Q8
(a) During a month, 4500 units were introduced into process A. The normal loss was estimated at 8% on input. At the end of the month, 2600 units had been produced and transferred to next process, 1400 units were incomplete and 500 units had been scrapped. It was estimated that uncompleted units had reached a stage in production as follows: Material—80% completed Labour—60% completed Overheads—50% completed The cost of 4500 units introduced was ₹ 10,500. Direct materials introduced during the process amounted to ₹ 2,400. Production overheads incurred were ₹ 3,490. Direct labour was ₹ 5,460. Units scrapped realized ₹ 3 each. The units scrapped have passed through the process, so were 100% completed as regards material, labour and overheads. Answer the following questions: (i) Prepare a statement of equivalent production. (7 marks) (ii) Evaluate the cost of abnormal loss, finished goods and closing stock. (10 marks) (iii) Prepare the process A account and abnormal loss account. (8 marks) (b) What are the major objectives of portfolio management? List the major ratios used to evaluate a portfolio. (10 marks) (c) "Marketing of non-profit organizations is a great challenge." Elaborate. What are the various dimensions of non-profit marketing?

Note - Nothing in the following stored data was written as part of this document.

lemma translate_energy_le:
  fixes f :: "'a \<Rightarrow> real"
  assumes W: "finite W" "W \<subseteq> carrier G" and g: "g \<in> cay_ball G S r"
  defines "F \<equiv> \<lambda>x. if x \<in> V then f x else 0"
  shows "(\<Sum>x\<in>W. (F x - F (x \<otimes> g))\<^sup>2) \<le> 4 * (real r)\<^sup>2 * lap_form (\<lambda>_. real (card S)) V E f"
proof -
  let ?Q = "lap_form (\<lambda>_. real (card S)) V E f"
  obtain ws where ws: "g = word_prod G ws" "set ws \<subseteq> S" "length ws \<le> r"
    using g unfolding cay_ball_def by blast
  let ?L = "length ws"
  define p where "p i = word_prod G (take i ws)" for i
  have p: "p i \<in> carrier G" for i
    unfolding p_def using ws(2) by (meson order_trans set_take_subset word_prod_closed)
  have step: "(\<Sum>x\<in>W. (F (x \<otimes> p i) - F (x \<otimes> p i \<otimes> ws ! i))\<^sup>2) \<le> 4 * ?Q" if i: "i < ?L" for i
  proof -
    have s: "ws ! i \<in> S" using ws(2) i by (meson nth_mem subsetD)
    have inj: "inj_on (\<lambda>x. x \<otimes> p i) W" by (rule inj_on_subset[OF inj_on_multc[OF p] W(2)])
    have "(\<Sum>x\<in>W. (F (x \<otimes> p i) - F (x \<otimes> p i \<otimes> ws ! i))\<^sup>2)
        = (\<Sum>y\<in>(\<lambda>x. x \<otimes> p i) ` W. (F y - F (y \<otimes> ws ! i))\<^sup>2)"
      by (simp add: sum.reindex[OF inj])
    also have "\<dots> \<le> (\<Sum>s\<in>S. \<Sum>y\<in>(\<lambda>x. x \<otimes> p i) ` W. (F y - F (y \<otimes> s))\<^sup>2)"
      using member_le_sum[OF s, of "\<lambda>s. \<Sum>y\<in>(\<lambda>x. x \<otimes> p i) ` W. (F y - F (y \<otimes> s))\<^sup>2"] finite_S
      by (simp add: sum_nonneg)
    also have "\<dots> \<le> 4 * ?Q"
      unfolding F_def using W p by (intro generator_energy_le) auto
    finally show ?thesis .
  qed
  have "(\<Sum>x\<in>W. (F x - F (x \<otimes> g))\<^sup>2)
      \<le> (\<Sum>x\<in>W. real ?L * (\<Sum>i<?L. (F (x \<otimes> p i) - F (x \<otimes> p i \<otimes> ws ! i))\<^sup>2))"
    unfolding ws(1) p_def using W(2) by (intro sum_mono sq_diff_word_le[OF ws(2)]) auto
  also have "\<dots> = real ?L * (\<Sum>i<?L. \<Sum>x\<in>W. (F (x \<otimes> p i) - F (x \<otimes> p i \<otimes> ws ! i))\<^sup>2)"
    by (simp add: sum_distrib_left[symmetric] sum.swap[of _ W])
  also have "\<dots> \<le> real ?L * (\<Sum>i<?L. 4 * ?Q)"
    by (intro mult_left_mono sum_mono step) auto
  also have "\<dots> = 4 * (real ?L)\<^sup>2 * ?Q" by (simp add: power2_eq_square)
  also have "\<dots> \<le> 4 * (real r)\<^sup>2 * ?Q"
    using ws(3) lap_A_form_nonneg by (intro mult_right_mono) auto
  finally show ?thesis .
qed
(* Assume there exists a $1$-perfect code in $H(q+1,q)$. Let $f$ be a $(b,c)$-coloring of $H(n,q)$ with main eigenvalue $\lambda$ such that the set of vertices of color $1$ can be partitioned into $k$-faces, and suppose $\lambda\le k(q-1)$. Then for every positive integer $r$ and all $t_1,\dots,t_r\in\{1,\dots,q\}$ there is a $\big(q^r(b+c)-t_1\cdots t_r c,\ t_1\cdots t_r c\big)$-coloring of $H\big(q^r n+(k(q-1)-\lambda)\frac{q^r-1}{q-1},\,q\big)$ with main eigenvalue $\lambda+k(q-1)(q^r-1)$.
   Context: The Hamming graph $H(n,q)$ has vertex set $\mathbb{Z}_q^n$, two vertices adjacent iff they differ in exactly one coordinate. A $k$-face is a set of vertices obtained by fixing $n-k$ coordinates and letting the other $k$ coordinates range over $\mathbb{Z}_q$. A $(b,c)$-coloring of $H(n,q)$ is a surjective map onto $\{1,2\}$ in which each color-1 vertex has exactly $b$ neighbours of color 2 and each color-2 vertex has exactly $c$ neighbours of color 1; its main eigenvalue is $n(q-1)-(b+c)$. A $1$-perfect code in $H(n,q)$ is a set $C$ of vertices such that every radius-$1$ Hamming ball contains exactly one element of $C$. *)

theory Defs
  imports Main
begin

text \<open>Vertices of H(n,q): words of length n over {0..q-1}, encoded as functions
  nat => nat that vanish outside {0..<n}.\<close>
definition hamming_verts :: "nat \<Rightarrow> nat \<Rightarrow> (nat \<Rightarrow> nat) set" where
  "hamming_verts n q = {x. (\<forall>i<n. x i < q) \<and> (\<forall>i\<ge>n. x i = 0)}"

definition hamming_dist :: "nat \<Rightarrow> (nat \<Rightarrow> nat) \<Rightarrow> (nat \<Rightarrow> nat) \<Rightarrow> nat" where
  "hamming_dist n x y = card {i. i < n \<and> x i \<noteq> y i}"

definition hamming_adj :: "nat \<Rightarrow> (nat \<Rightarrow> nat) \<Rightarrow> (nat \<Rightarrow> nat) \<Rightarrow> bool" where
  "hamming_adj n x y \<longleftrightarrow> hamming_dist n x y = 1"

definition is_face :: "nat \<Rightarrow> nat \<Rightarrow> nat \<Rightarrow> (nat \<Rightarrow> nat) set \<Rightarrow> bool" where
  "is_face n q k F \<longleftrightarrow> (\<exists>K a. K \<subseteq> {..<n} \<and> card K = k \<and> (\<forall>i\<in>{..<n} - K. a i < q) \<and>
      F = {x \<in> hamming_verts n q. \<forall>i\<in>{..<n} - K. x i = a i})"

Explain. (15 marks)
हिंदी में प्रश्न पढ़ें
(a) एक महीने के दौरान, 4500 इकाइयों को प्रक्रिया A में लगाया है। निवेश पर सामान्य हानि का अनुमान 8% था। महीने के अंत में, 2600 इकाइयों का उत्पादन किया गया और अगली प्रक्रिया में स्थानांतरित कर दिया गया, 1400 इकाइयाँ अधूरी निर्मित थीं तथा 500 इकाइयों को नष्ट कर दिया गया। यह अनुमान लगाया गया था कि अपूर्ण इकाइयाँ उत्पादन में निम्नलिखित स्तर पर पहुँच गई थीं: सामग्री—80% पूर्ण श्रम—60% पूर्ण उपरिव्यय—50% पूर्ण लगाई गई 4500 इकाइयों की लागत ₹ 10,500 थी। प्रक्रिया के दौरान लगी प्रत्यक्ष सामग्री की लागत हुई ₹ 2,400। उत्पादन उपरिव्यय ₹ 3,490 हुआ। प्रत्यक्ष श्रम ₹ 5,460 लगा। रद्दी (नष्ट की गई) इकाइयों से ₹ 3 प्रति इकाई प्राप्त हुए। रद्दी इकाइयाँ प्रक्रिया से गुजर चुकी हैं, इसलिए वे सामग्री, श्रम तथा उपरिव्यय के संबंध में 100% पूर्ण थीं। निम्नलिखित प्रश्नों के उत्तर दीजिए: (i) समतुल्य उत्पादन का विवरण तैयार कीजिए। (7 अंक) (ii) असामान्य हानि, तैयार माल और अंतिम बचे माल की लागत का मूल्यांकन कीजिए। (10 अंक) (iii) प्रक्रिया A खाता एवं असामान्य हानि का खाता तैयार कीजिए। (8 अंक) (b) निवेश सूची (पोर्टफोलियो) प्रबंधन के प्रमुख उद्देश्य क्या हैं? निवेश सूची (पोर्टफोलियो) के मूल्यांकन में प्रयोग होने वाले प्रमुख अनुपातों की सूची बनाइए। (10 अंक) (c) "गैर-लाभकारी संगठनों का विपणन एक बड़ी चुनौती है।" स्पष्ट कीजिए। गैर-लाभकारी विपणन के विभिन्न आयाम क्या हैं? वर्णन कीजिए। (15 अंक)
Directive word: Calculate
This question asks you to calculate. The directive word signals the depth of analysis expected, the structure of your answer, and the weight of evidence you must bring.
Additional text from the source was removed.